lemma mem_union_stages:
  assumes "F = (\<Union>j. C j)" "F \<subseteq> {0..1}" "0 \<in> F"
  shows "\<alpha> \<in> F \<longleftrightarrow> \<alpha> \<in> {0..1} \<and> (\<exists>n. \<alpha> \<in> stage C n)"
  unfolding stage_def using assms by blast

definition margin :: "(nat \<Rightarrow> real set) \<Rightarrow> nat \<Rightarrow> real \<Rightarrow> real" where
  "margin C n \<beta> = min (1 / (real n + 1)) ((infdist (touch \<beta>) (touch ` stage C n))\<^sup>2 / 2)"

lemma margin_pos:
  assumes "\<And>j. closed (C j)" "\<beta> \<in> {0..1}" "\<beta> \<notin> stage C n"
  shows "0 < margin C n \<beta>"
proof -
  have "compact (touch ` stage C n)"
    using compact_continuous_image[OF continuous_on_subset[OF touch_continuous stage_subset]
        stage_compact[OF assms(1)]] .
  moreover have "touch \<beta> \<notin> touch ` stage C n"
    using assms(2,3) stage_subset[of C n] inj_onD[OF touch_inj] by blast
  moreover have "touch ` stage C n \<noteq> {}" by (simp add: stage_def)
  ultimately have "0 < infdist (touch \<beta>) (touch ` stage C n)"
    by (intro infdist_pos_not_in_closed compact_imp_closed)
  then show ?thesis by (simp add: margin_def)
qed

lemma margin_le_dist:
  assumes "\<alpha> \<in> stage C n"
  shows "margin C n \<beta> \<le> (dist (touch \<beta>) (touch \<alpha>))\<^sup>2 / 2"
proof -
  have "infdist (touch \<beta>) (touch ` stage C n) \<le> dist (touch \<beta>) (touch \<alpha>)"
    using assms by (intro infdist_le) auto
  then have "(infdist (touch \<beta>) (touch ` stage C n))\<^sup>2 \<le> (dist (touch \<beta>) (touch \<alpha>))\<^sup>2"
    by (intro power_mono infdist_nonneg)
  then show ?thesis by (simp add: margin_def)
qed

text \<open>The affine cut height: it equals n over touch \<beta> and is non-positive where the
  inner product with the radius to touch \<beta> stays margin below 1, in particular
  over the touching points of the n-th stage and deep inside the disc.\<close>
definition cut_height :: "(nat \<Rightarrow> real set) \<Rightarrow> nat \<Rightarrow> real \<Rightarrow> real^3 \<Rightarrow> real" where
  "cut_height C n \<beta> x = (real n / margin C n \<beta>) *
     (inner (horiz x - centre) (touch \<beta> - centre) - 1 + margin C n \<beta>)"

lemma inner_touch_le: "inner (p - centre) (touch \<beta> - centre) \<le> norm (p - centre)"
  using norm_cauchy_schwarz[of "p - centre" "touch \<beta> - centre"] by (simp add: touch_unit)

lemma cut_height_nonpos:
  assumes "0 < margin C n \<beta>" "inner (horiz x - centre) (touch \<beta> - centre) \<le> 1 - margin C n \<beta>"
  shows "cut_height C n \<beta> x \<le> 0"
  unfolding cut_height_def using assms by (intro mult_nonneg_nonpos) auto

lemma cut_height_le:
  assumes "0 < margin C n \<beta>" "norm (horiz x - centre) \<le> 1"
  shows "cut_height C n \<beta> x \<le> real n"
proof -
  have "inner (horiz x - centre) (touch \<beta> - centre) - 1 + margin C n \<beta> \<le> margin C n \<beta>"
    using inner_touch_le[of "horiz x" \<beta>] assms(2) by linarith
  then have "cut_height C n \<beta> x \<le> (real n / margin C n \<beta>) * margin C n \<beta>"
    unfolding cut_height_def using assms(1) by (intro mult_left_mono) auto
  then show ?thesis using assms(1) by simp
qed

lemma cut_height_touch:
  assumes "0 < margin C n \<beta>"
  shows "cut_height C n \<beta> (touch \<beta> + z *\<^sub>R e3) = real n"
  using assms by (simp add: cut_height_def horiz_flat touch_unit power2_norm_eq_inner[symmetric])

lemma cut_height_affine:
  assumes "u + v = 1"
  shows "cut_height C n \<beta> (u *\<^sub>R x + v *\<^sub>R y) = u * cut_height C n \<beta> x + v * cut_height C n \<beta> y"
proof -
  let ?g = "\<lambda>x. inner (horiz x - centre) (touch \<beta> - centre) - 1 + margin C n \<beta>"
  have v: "v = 1 - u" using assms by simp
  have "?g (u *\<^sub>R x + v *\<^sub>R y) = u * ?g x + v * ?g y"
    unfolding horiz_affine v by (simp add: algebra_simps)
  then show ?thesis unfolding cut_height_def by (simp only: distrib_left mult.left_commute)
qed

text \<open>Over touch \<alpha>
  it reaches height n exactly when \<alpha> belongs to the n-th stage.\<close>
definition tower :: "(nat \<Rightarrow> real set) \<Rightarrow> (real^3) set" where
  "tower C = {x. norm (horiz x - centre) \<le> 1 \<and>
     (\<forall>n. \<forall>\<beta> \<in> {0..1} - stage C n. cut_height C n \<beta> x \<le> x$3)}"

lemma tower_convex: "convex (tower C)"
proof (rule convexI)
  fix x y :: "real^3" and u v :: real
  assume x: "x \<in> tower C" and y: "y \<in> tower C" and uv: "0 \<le> u" "0 \<le> v" "u + v = 1"
  have "horiz (u *\<^sub>R x + v *\<^sub>R y) - centre = u *\<^sub>R (horiz x - centre) + v *\<^sub>R (horiz y - centre)"
    using uv(3) by (simp add: horiz_affine algebra_simps flip: scaleR_add_left)
  then have "norm (horiz (u *\<^sub>R x + v *\<^sub>R y) - centre) \<le> u * norm (horiz x - centre) + v * norm (horiz y - centre)"
    using uv by (metis abs_of_nonneg norm_scaleR norm_triangle_ineq)
  also have "\<dots> \<le> u * 1 + v * 1"
    using x y uv unfolding tower_def by (intro add_mono mult_left_mono) auto
  finally have disc: "norm (horiz (u *\<^sub>R x + v *\<^sub>R y) - centre) \<le> 1" using uv(3) by simp
  have "cut_height C n \<beta> (u *\<^sub>R x + v *\<^sub>R y) \<le> (u *\<^sub>R x + v *\<^sub>R y)$3"
    if "\<beta> \<in> {0..1} - stage C n" for n \<beta>
  proof -
    have "cut_height C n \<beta> x \<le> x$3" "cut_height C n \<beta> y \<le> y$3" using x y that unfolding tower_def by auto
    then have "u * cut_height C n \<beta> x + v * cut_height C n \<beta> y \<le> u * x$3 + v * y$3"
      using uv by (intro add_mono mult_left_mono) auto
    then show ?thesis using cut_height_affine[OF uv(3)] by simp
  qed
  then show "u *\<^sub>R x + v *\<^sub>R y \<in> tower C" unfolding tower_def using disc by blast
qed

lemma tower_closed: "closed (tower C)"
proof -
  have "closed {x. cut_height C n \<beta> x \<le> x$3}" for n \<beta>
    unfolding cut_height_def horiz_def by (intro closed_Collect_le continuous_intros)
  then have "closed (\<Inter>n. \<Inter>\<beta> \<in> {0..1} - stage C n. {x. cut_height C n \<beta> x \<le> x$3})"
    by blast
  moreover have "closed {x::real^3. norm (horiz x - centre) \<le> 1}"
    unfolding horiz_def by (intro closed_Collect_le continuous_intros)
  moreover have "tower C = {x. norm (horiz x - centre) \<le> 1} \<inter>
      (\<Inter>n. \<Inter>\<beta> \<in> {0..1} - stage C n. {x. cut_height C n \<beta> x \<le> x$3})"
    unfolding tower_def by blast
  ultimately show ?thesis by (simp add: closed_Int)
qed

context
  fixes C :: "nat \<Rightarrow> real set"
  assumes closed_C: "\<And>j. closed (C j)"
begin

__Your goal__
How many lines in the entries contain the string "lemma"? Give the number only.

__Answer to the problem__
10